Tuesday, December 13, 2011

Solar Dryer extends harvest and creates microenterprise opportunity

Elyse Peterson is an experienced food scientist in the dairy, seafood, meat, and soft drink industries, Elyse served two terms in the Peace Corps helping promote sustainable food security solutions. As part of her work in the Peace Corps, she helped to develop a Solar Food Dryer which became the catalyst for a community-based food security and economic development project in in Antigua.

We talked to Elyse about this technology, which is highly appropriate for many tropical areas, and may have application into other climate zones:

Photo: Mangoes drying in the sun.


TBG: How does Solar Food Drying work?
Solar drying is a low cost method of drying food.  It is important to understand moisture in food and the properties of the air around us.

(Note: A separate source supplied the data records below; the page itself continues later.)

(* Let $G'=(V',W',E')$ be a bipartite graph with $|V'|=|W'|=k$ and maximum matching size $\mathrm{OPT}'$, let $b\ge1$ be an integer, and let $\rho\ge1$. Form $G=(V,W,E)$ by taking $b$ copies of each vertex of $V'$, setting $W=W'$ with every good having supply $b$, and connecting every copy of $v'$ to $w'$ whenever $(v',w')\in E'$. Let $M^*$ be a many-to-one matching in $G$ (each vertex of $V$ matched to at most one good, each good matched to at most $b$ vertices) with $|M^*|\ge b\,\mathrm{OPT}'/\rho$. For each $v'\in V'$ independently, choose one of its $b$ copies uniformly at random and take that copy's edge in $M^*$ (if any), viewed as an edge of $G'$; if several chosen edges share a good, keep only one of them. Then the resulting matching of $G'$ has expected size at least $\mathrm{OPT}'/(3\rho)$. *)

theory Defs
  imports Complex_Main "HOL-Library.FuncSet"
begin

definition is_matching :: "('a \<times> 'b) set \<Rightarrow> ('a \<times> 'b) set \<Rightarrow> bool" where
  "is_matching E M \<longleftrightarrow> M \<subseteq> E \<and>
     (\<forall>v. card {w. (v, w) \<in> M} \<le> 1) \<and> (\<forall>w. card {v. (v, w) \<in> M} \<le> 1)"

definition max_matching_size :: "('a \<times> 'b) set \<Rightarrow> nat" where
  "max_matching_size E = Max (card ` {M. is_matching E M})"

definition blowup_edges :: "nat \<Rightarrow> ('a \<times> 'b) set \<Rightarrow> (('a \<times> nat) \<times> 'b) set" where
  "blowup_edges b E = {((v, i), w). (v, w) \<in> E \<and> i < b}"

definition is_many_to_one_matching ::
  "nat \<Rightarrow> ('c \<times> 'b) set \<Rightarrow> ('c \<times> 'b) set \<Rightarrow> bool" where
  "is_many_to_one_matching b E M \<longleftrightarrow> M \<subseteq> E \<and>
     (\<forall>v. card {w. (v, w) \<in> M} \<le> 1) \<and> (\<forall>w. card {v. (v, w) \<in> M} \<le> b)"

definition chosen_edges :: "'a set \<Rightarrow> (('a \<times> nat) \<times> 'b) set \<Rightarrow> ('a \<Rightarrow> nat) \<Rightarrow> ('a \<times> 'b) set" where
  "chosen_edges V M c = {(v, w). v \<in> V \<and> ((v, c v), w) \<in> M}"

(* Size of the resulting matching after keeping only one edge per shared good:
   the number of distinct goods covered by the chosen edges. *)
definition rounded_size :: "'a set \<Rightarrow> (('a \<times> nat) \<times> 'b) set \<Rightarrow> ('a \<Rightarrow> nat) \<Rightarrow> nat" where
  "rounded_size V M c = card (snd ` chosen_edges V M c)"

(* Expected size when each v in V independently picks a copy uniformly from {0..<b}:
   uniform average over all choice functions in PiE V (\<lambda>_. {..<b}). *)
definition expected_rounded_size :: "nat \<Rightarrow> 'a set \<Rightarrow> (('a \<times> nat) \<times> 'b) set \<Rightarrow> real" where
  "expected_rounded_size b V M =
     (\<Sum>c\<in>PiE V (\<lambda>_. {..<b}). real (rounded_size V M c)) / real (card (PiE V (\<lambda>_. {..<b})))"

end

theory Submission
  imports Defs
begin

text \<open>
  Fix a good \<open>w\<close> and let \<open>n\<^sub>v\<close> be the number of copies of \<open>v\<close> that \<open>M\<^sup>*\<close> matches to \<open>w\<close>;
  their total \<open>d\<^sub>w\<close> is at most the capacity \<open>b\<close>. The good \<open>w\<close> survives the rounding unless
  every \<open>v\<close> picks one of its other copies, so it is covered with probability
  \<open>1 - \<Prod>\<^sub>v (1 - n\<^sub>v/b)\<close>. Truncating the inclusion-exclusion expansion after the quadratic
  term and using \<open>\<Sum>\<^sub>v n\<^sub>v/b \<le> 1\<close>, this is at least \<open>d\<^sub>w/(2b)\<close>. Summing over the goods gives
  an expected size of at least \<open>|M\<^sup>*|/(2b) \<ge> OPT'/(2\<rho>)\<close>; the capacity of the goods is the
  only property of \<open>M\<^sup>*\<close> that is needed.
\<close>

lemma prod_one_minus_le_quadratic:
  fixes x :: "'a \<Rightarrow> 'b::linordered_field"
  assumes "finite S" and "\<And>v. v \<in> S \<Longrightarrow> 0 \<le> x v" and "\<And>v. v \<in> S \<Longrightarrow> x v \<le> 1"
  shows "(\<Prod>v\<in>S. 1 - x v) \<le> 1 - sum x S + (sum x S)\<^sup>2 / 2"
  using assms
proof (induction S rule: finite_induct)
  case empty
  then show ?case by simp
next
  case (insert a F)
  define s where "s = sum x F"
  define y where "y = x a"
  have "0 \<le> s" unfolding s_def using insert.prems by (simp add: sum_nonneg)
  have y: "0 \<le> y" "y \<le> 1" using insert.prems unfolding y_def by auto
  have "(\<Prod>v\<in>insert a F. 1 - x v) = (1 - y) * (\<Prod>v\<in>F. 1 - x v)"
    using insert.hyps y_def by simp
  also have "\<dots> \<le> (1 - y) * (1 - s + s\<^sup>2 / 2)"
    using insert y unfolding s_def by (intro mult_left_mono) auto
  also have "\<dots> = 1 - (y + s) + (y + s)\<^sup>2 / 2 - (y\<^sup>2 / 2 + y * s\<^sup>2 / 2)"
    by (simp add: field_simps power2_eq_square)
  also have "\<dots> \<le> 1 - (y + s) + (y + s)\<^sup>2 / 2"
  proof -
    have "0 \<le> y * s\<^sup>2" "0 \<le> y\<^sup>2" using y by auto
    then show ?thesis by linarith
  qed
  finally show ?case using insert.hyps s_def y_def by simp
qed

lemma half_sum_le_one_minus_prod:
  fixes x :: "'a \<Rightarrow> 'b::linordered_field"
  assumes "finite S" and "\<And>v. v \<in> S \<Longrightarrow> 0 \<le> x v" and "\<And>v. v \<in> S \<Longrightarrow> x v \<le> 1"
    and "sum x S \<le> 1"
  shows "sum x S / 2 \<le> 1 - (\<Prod>v\<in>S. 1 - x v)"
proof -
  have "0 \<le> sum x S" using assms(2) by (simp add: sum_nonneg)
  then have "(sum x S)\<^sup>2 \<le> sum x S"
    using assms(4) mult_left_le by (auto simp: power2_eq_square)
  moreover have "(\<Prod>v\<in>S. 1 - x v) \<le> 1 - sum x S + (sum x S)\<^sup>2 / 2"
    using assms(1-3) by (rule prod_one_minus_le_quadratic)
  ultimately show ?thesis by (simp add: field_simps)
qed

lemma card_PiE_avoiding:
  assumes "finite V" and "finite S" and "\<And>v. v \<in> V \<Longrightarrow> A v \<subseteq> S"
  shows "card {c \<in> PiE V (\<lambda>_. S). \<forall>v\<in>V. c v \<notin> A v} = (\<Prod>v\<in>V. card S - card (A v))"
proof -
  have "{c \<in> PiE V (\<lambda>_. S). \<forall>v\<in>V. c v \<notin> A v} = PiE V (\<lambda>v. S - A v)"
    by (auto simp: PiE_iff extensional_def)
  also have "card \<dots> = (\<Prod>v\<in>V. card (S - A v))"
    using assms(1) by (rule card_PiE)
  also have "\<dots> = (\<Prod>v\<in>V. card S - card (A v))"
    using assms by (intro prod.cong refl) (meson card_Diff_subset finite_subset)
  finally show ?thesis .
qed

lemma hitting_fraction_PiE:
  assumes "finite V" and "finite S" and "S \<noteq> {}" and "\<And>v. v \<in> V \<Longrightarrow> A v \<subseteq> S"
  shows "real (card {c \<in> PiE V (\<lambda>_. S). \<exists>v\<in>V. c v \<in> A v}) / real (card (PiE V (\<lambda>_. S)))
           = 1 - (\<Prod>v\<in>V. 1 - real (card (A v)) / real (card S))"
proof -
  define P where "P = PiE V (\<lambda>_. S)"
  define H where "H = {c \<in> P. \<exists>v\<in>V. c v \<in> A v}"
  have "finite P" unfolding P_def using assms(1,2) by (simp add: finite_PiE)
  have cardP: "real (card P) = (\<Prod>v\<in>V. real (card S))"
    unfolding P_def using assms(1) by (simp add: card_PiE)
  have "card S > 0" using assms(2,3) by (simp add: card_gt_0_iff)
  have "card (A v) \<le> card S" if "v \<in> V" for v
    using assms(2,4) that by (simp add: card_mono)
  moreover have "P - H = {c \<in> P. \<forall>v\<in>V. c v \<notin> A v}"
    unfolding H_def by blast
  ultimately have "real (card (P - H)) = (\<Prod>v\<in>V. real (card S) - real (card (A v)))"
    using card_PiE_avoiding[OF assms(1,2,4)] unfolding P_def
    by (simp add: of_nat_diff)
  moreover have "real (card H) = real (card P) - real (card (P - H))"
    using \<open>finite P\<close> by (simp add: H_def card_Diff_subset of_nat_diff card_mono)
  ultimately have "real (card H) / real (card P)
      = 1 - (\<Prod>v\<in>V. real (card S) - real (card (A v))) / (\<Prod>v\<in>V. real (card S))"
    using \<open>card S > 0\<close> cardP by (simp add: diff_divide_distrib)
  also have "(\<Prod>v\<in>V. real (card S) - real (card (A v))) / (\<Prod>v\<in>V. real (card S))
      = (\<Prod>v\<in>V. 1 - real (card (A v)) / real (card S))"
    using \<open>card S > 0\<close> by (simp only: prod_dividef[symmetric]) (simp add: diff_divide_distrib)
  finally show ?thesis unfolding H_def P_def .
qed

lemma hitting_fraction_PiE_ge:
  assumes "finite V" and "finite S" and "S \<noteq> {}" and "\<And>v. v \<in> V \<Longrightarrow> A v \<subseteq> S"
    and "(\<Sum>v\<in>V. card (A v)) \<le> card S"
  shows "real (\<Sum>v\<in>V. card (A v)) / (2 * real (card S))
           \<le> real (card {c \<in> PiE V (\<lambda>_. S). \<exists>v\<in>V. c v \<in> A v}) / real (card (PiE V (\<lambda>_. S)))"
proof -
  define x where "x v = real (card (A v)) / real (card S)" for v
  have "card S > 0" using assms(2,3) by (simp add: card_gt_0_iff)
  have "x v \<le> 1" if "v \<in> V" for v
    using assms(2,4) that \<open>card S > 0\<close> by (simp add: x_def card_mono)
  moreover have "sum x V = real (\<Sum>v\<in>V. card (A v)) / real (card S)"
    by (simp add: x_def sum_divide_distrib)
  moreover have "sum x V \<le> 1"
    using assms(5) \<open>card S > 0\<close> by (simp add: \<open>sum x V = _\<close> flip: of_nat_sum)
  ultimately have "real (\<Sum>v\<in>V. card (A v)) / (2 * real (card S)) \<le> 1 - (\<Prod>v\<in>V. 1 - x v)"
    using half_sum_le_one_minus_prod[of V x] assms(1) by (simp add: x_def)
  then show ?thesis
    using hitting_fraction_PiE[OF assms(1-4)] by (simp add: x_def)
qed

lemma sum_card_filter_swap:
  assumes "finite A" and "finite B"
  shows "(\<Sum>a\<in>A. card {b \<in> B. P a b}) = (\<Sum>b\<in>B. card {a \<in> A. P a b})"
proof -
  have "(\<Sum>a\<in>A. card {b \<in> B. P a b}) = (\<Sum>a\<in>A. \<Sum>b\<in>B. if P a b then 1 else 0)"
    using assms by (simp add: sum.If_cases Int_def)
  also have "\<dots> = (\<Sum>b\<in>B. \<Sum>a\<in>A. if P a b then 1 else 0)"
    by (rule sum.swap)
  also have "\<dots> = (\<Sum>b\<in>B. card {a \<in> A. P a b})"
    using assms by (simp add: sum.If_cases Int_def)
  finally show ?thesis .
qed

lemma rounded_size_eq_card_hit_goods:
  assumes "snd ` M \<subseteq> W"
  shows "rounded_size V M c = card {w \<in> W. \<exists>v\<in>V. ((v, c v), w) \<in> M}"
proof -
  have "snd ` chosen_edges V M c = {w \<in> W. \<exists>v\<in>V. ((v, c v), w) \<in> M}"
    using assms unfolding chosen_edges_def by force
  then show ?thesis unfolding rounded_size_def by simp
qed

lemma expected_rounded_size_eq_sum_hitting_fractions:
  assumes "finite V" and "finite W" and "snd ` M \<subseteq> W"
  shows "expected_rounded_size b V M
    = (\<Sum>w\<in>W. real (card {c \<in> PiE V (\<lambda>_. {..<b}). \<exists>v\<in>V. ((v, c v), w) \<in> M})
                  / real (card (PiE V (\<lambda>_. {..<b}))))"
proof -
  define P where "P = PiE V (\<lambda>_. {..<b})"
  have "finite P" unfolding P_def using assms(1) by (simp add: finite_PiE)
  have "(\<Sum>c\<in>P. rounded_size V M c) = (\<Sum>c\<in>P. card {w \<in> W. \<exists>v\<in>V. ((v, c v), w) \<in> M})"
    using assms(3) by (simp add: rounded_size_eq_card_hit_goods)
  also have "\<dots> = (\<Sum>w\<in>W. card {c \<in> P. \<exists>v\<in>V. ((v, c v), w) \<in> M})"
    using \<open>finite P\<close> assms(2) by (rule sum_card_filter_swap)
  finally show ?thesis
    unfolding expected_rounded_size_def P_def[symmetric]
    by (simp only: sum_divide_distrib[symmetric] of_nat_sum[symmetric])
qed

lemma card_eq_sum_card_right_fibres:
  assumes "finite M" and "finite W" and "snd ` M \<subseteq> W"
  shows "card M = (\<Sum>w\<in>W. card {u. (u, w) \<in> M})"
proof -
  have "card {u. (u, w) \<in> M} = card {x \<in> M. snd x = w}" for w
  proof -
    have "{x \<in> M. snd x = w} = (\<lambda>u. (u, w)) ` {u. (u, w) \<in> M}" by force
    then show ?thesis by (simp add: card_image inj_on_def)
  qed
  then show ?thesis
    using sum.group[OF assms, of "\<lambda>_. 1::nat"] by simp
qed

lemma expected_rounded_size_ge_half_card:
  assumes "finite V" and "finite W" and "b \<ge> 1" and M: "M \<subseteq> (V \<times> {..<b}) \<times> W"
    and deg_le: "\<And>w. card {u. (u, w) \<in> M} \<le> b"
  shows "real (card M) / (2 * real b) \<le> expected_rounded_size b V M"
proof -
  define A where "A w v = {i \<in> {..<b}. ((v, i), w) \<in> M}" for w v
  have "finite M" using assms(1,2) M by (auto intro: finite_subset)
  have "snd ` M \<subseteq> W" using M by auto
  have deg: "(\<Sum>v\<in>V. card (A w v)) = card {u. (u, w) \<in> M}" for w
  proof -
    have "{u. (u, w) \<in> M} = Sigma V (A w)" using M by (auto simp: A_def)
    then show ?thesis using assms(1) by (simp add: A_def)
  qed
  have hits: "{c \<in> PiE V (\<lambda>_. {..<b}). \<exists>v\<in>V. ((v, c v), w) \<in> M}
      = {c \<in> PiE V (\<lambda>_. {..<b}). \<exists>v\<in>V. c v \<in> A w v}" for w
    by (auto simp: A_def PiE_iff)
  have "real (card M) / (2 * real b) = (\<Sum>w\<in>W. real (card {u. (u, w) \<in> M}) / (2 * real b))"
    using card_eq_sum_card_right_fibres[OF \<open>finite M\<close> assms(2) \<open>snd ` M \<subseteq> W\<close>]
    by (simp add: sum_divide_distrib)
  also have "\<dots> \<le> (\<Sum>w\<in>W. real (card {c \<in> PiE V (\<lambda>_. {..<b}). \<exists>v\<in>V. ((v, c v), w) \<in> M})
                          / real (card (PiE V (\<lambda>_. {..<b}))))"
  proof (rule sum_mono)
    fix w
    have "real (\<Sum>v\<in>V. card (A w v)) / (2 * real (card {..<b}))
        \<le> real (card {c \<in> PiE V (\<lambda>_. {..<b}). \<exists>v\<in>V. c v \<in> A w v})
            / real (card (PiE V (\<lambda>_. {..<b})))"
      using assms(1,3) deg[of w] deg_le[of w]
      by (intro hitting_fraction_PiE_ge) (auto simp: A_def lessThan_empty_iff)
    then show "real (card {u. (u, w) \<in> M}) / (2 * real b)
        \<le> real (card {c \<in> PiE V (\<lambda>_. {..<b}). \<exists>v\<in>V. ((v, c v), w) \<in> M})
            / real (card (PiE V (\<lambda>_. {..<b})))"
      by (simp only: deg hits card_lessThan)
  qed
  also have "\<dots> = expected_rounded_size b V M"
    using assms(1,2) \<open>snd ` M \<subseteq> W\<close> by (rule expected_rounded_size_eq_sum_hitting_fractions[symmetric])
  finally show ?thesis .
qed

theorem lemma3:
  fixes V' :: "'a set" and W' :: "'b set" and E' :: "('a \<times> 'b) set"
    and k b :: nat and \<rho> :: real and Mstar :: "(('a \<times> nat) \<times> 'b) set"
  assumes "finite V'" and "finite W'"
    and "card V' = k" and "card W' = k"
    and "E' \<subseteq> V' \<times> W'"
    and "b \<ge> 1" and "\<rho> \<ge> 1"
    and "is_many_to_one_matching b (blowup_edges b E') Mstar"
    and "card Mstar \<ge> real b * real (max_matching_size E') / \<rho>"
  shows "expected_rounded_size b V' Mstar \<ge> real (max_matching_size E') / (3 * \<rho>)"
proof -
  define OPT where "OPT = real (max_matching_size E')"
  have "Mstar \<subseteq> (V' \<times> {..<b}) \<times> W'"
    using assms(5,8) unfolding is_many_to_one_matching_def blowup_edges_def by auto
  moreover have "card {u. (u, w) \<in> Mstar} \<le> b" for w
    using assms(8) unfolding is_many_to_one_matching_def by blast
  ultimately have "real (card Mstar) / (2 * real b) \<le> expected_rounded_size b V' Mstar"
    using assms(1,2,6) by (intro expected_rounded_size_ge_half_card)
  moreover have "real b * OPT / \<rho> / (2 * real b) \<le> real (card Mstar) / (2 * real b)"
    using assms(6,9) unfolding OPT_def by (intro divide_right_mono) auto
  moreover have "real b * OPT / \<rho> / (2 * real b) = OPT / (2 * \<rho>)"
    using assms(6) by simp
  moreover have "OPT / (3 * \<rho>) \<le> OPT / (2 * \<rho>)"
    using assms(7) unfolding OPT_def by (intro divide_left_mono) auto
  ultimately show ?thesis unfolding OPT_def by linarith
qed

end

All food contains moisture which comes in three forms: liquid, solid & gas.  This moisture is what microorganisms need to live and thrive, so in order to stop microorganism growth you may reduce this moisture to a safe level to preserve and extend the shelf-life of your harvest.

The design of the Solar Dryer harnesses the power of the sun's rays to raise temperatures within the unit to between 110 - 130 degrees Farenheit. 

This heat lowers relative humidity while increasing absolute humidity, so that the air inside the unit attempts to reach the absolute humidity of the climate outside the unit by taking moisture from the food.

Coupled with proper air circulation, this is what makes the solar dryer work.

Photo: Solar dryer built with locally available materials in Antigua, 2007.

TGB: What kind of Solar Dryer Designs have you developed?

There are three basic designs of solar dryers that you may follow when building your own solar dryer: direct absorption, indirect heating, and mixed mode. In this project a direct absorption solar dryer was designed because it was found to be the most sustainable for Hawaii’s needs.

In these designs the food is placed inside a cabinet or “hot box” which allows the rays of the sun to heat up food and air around it. A compartment with a transparent roof and insulated walls is used, but if designed properly all the walls can be transparent. These may also use reflectors at the bottom of the compartment to increase light (metal or foil).

Ventilation holes are required to promote proper air circulation. Indirect heating dryers dry the food with heated air collected by a “solar panel”. The food is placed in an insulated heating chamber with proper air circulation.

These models are effective but cost a lot of money. Mixed Mode dryers are a combination of the other two designs. Food is heated directly by the sun but additional heat is collected with the “solar panel”. These can cost about $1300EC to build, effective but expensive.

Businesses attempting to expand and produce higher quality products should look into building one of these models (for the purposes of this project and the situation in Hawaii the direct absorption model is the best fit). When constructing your dryer be sure to follow the design carefully, because the angles achieved are vital for efficient processing.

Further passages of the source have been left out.